THE PROBLEM | Wherever the string "Rightarrow" appears in the records, return the line that holds it.

GIVEN DATA START

(* Let $0<\alpha<1$, $\sigma>0$, $N_1$ a positive integer, $h=\sigma^2\alpha^2$, $T=\sigma\alpha\sqrt{N_1}$, $\kappa=\frac\alpha{1-\alpha}$, and let $n\ge1$ be an integer. For $x\in(0,1]$ and complex $u\notin(-\infty,0]$ let $$f(u,x)=\frac{\sin(\alpha\pi)}{\alpha\pi}\frac{1}{2\sqrt u}\frac{xe^{\sqrt u-T}}{e^{\frac1\alpha(\sqrt u-T)}+x}$$ (principal branch of $\sqrt u$). Let $u^*=\frac{1+(1-2\alpha)\sqrt{4\alpha-4\alpha^2+1}}{2(1-\alpha)^2}$, $\gamma=\alpha\log\!\Big(\frac{\frac1\kappa\sqrt{u^*}+1}{\sqrt{u^*}-1}\Big)+\sqrt{u^*}$, $x^*=e^{\frac1\alpha(\gamma-T)}$, $M_0=2\max\left\{\frac{\sigma^2}{4},1+\mathrm{ceil}\!\left(\frac{9\pi^2}{\sigma^2}\right),2\,\mathrm{ceil}\!\left[\left(1+\sqrt{\pi/\sigma}\right)^4\right]\right\}$, and $\Upsilon=\{x\in[x^*,1]:(T+\alpha\log x)^2-\alpha^2\pi^2>M_0h\}$. For $x\in\Upsilon$ put $a=2\alpha\pi(T+\alpha\log x)$ and $u_0=(T+\alpha\log x)^2-\alpha^2\pi^2-ia$. Let $N_0>0$ be a fixed sufficiently large number, $\rho_0=\frac12\min\{\alpha^2\pi^2,2\pi\alpha\gamma,h/N_0\}$, and for $0<\rho\le\rho_0$ let $C^{\pm}_\rho=\{z=u_0+\rho e^{i\theta}:\theta:0\to\pm2\pi\}$. Then for arbitrary $\rho\in(0,\rho_0]$ it holds uniformly for $x\in\Upsilon$ that $$\left|\int_{C^{\pm}_\rho}f(u,x)e^{-i\frac{2n\pi}{h}u}\,\mathrm{d}u\right|=e^{(\rho-a)\frac{2n\pi}{h}}x^\alpha\,\mathcal{O}(1)$$ as $T\to+\infty$, where the constant in $\mathcal{O}(1)$ is independent of $x$, $h$, $\alpha$, $\sigma$, $\rho$ and $T$.
   Context: $\mathrm{ceil}(y)$ is the least integer $\ge y$. $u_0$ is a simple pole of $u\mapsto f(u,x)$. *)

theory Defs
  imports "HOL-Complex_Analysis.Complex_Analysis"
begin

definition fA2 :: "real \<Rightarrow> real \<Rightarrow> complex \<Rightarrow> real \<Rightarrow> complex" where
  "fA2 \<alpha> T u x =
     complex_of_real (sin (\<alpha> * pi) / (\<alpha> * pi)) * (1 / (2 * csqrt u)) *
     (complex_of_real x * exp (csqrt u - complex_of_real T)) /
     (exp ((csqrt u - complex_of_real T) / complex_of_real \<alpha>) + complex_of_real x)"

definition ustarA2 :: "real \<Rightarrow> real" where
  "ustarA2 \<alpha> = (1 + (1 - 2*\<alpha>) * sqrt (4*\<alpha> - 4*\<alpha>^2 + 1)) / (2 * (1 - \<alpha>)^2)"

definition kappaA2 :: "real \<Rightarrow> real" where
  "kappaA2 \<alpha> = \<alpha> / (1 - \<alpha>)"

GIVEN DATA END

REPLY TO THE TASK |
definition fA2 :: "real \<Rightarrow> real \<Rightarrow> complex \<Rightarrow> real \<Rightarrow> complex" where
definition ustarA2 :: "real \<Rightarrow> real" where
definition kappaA2 :: "real \<Rightarrow> real" where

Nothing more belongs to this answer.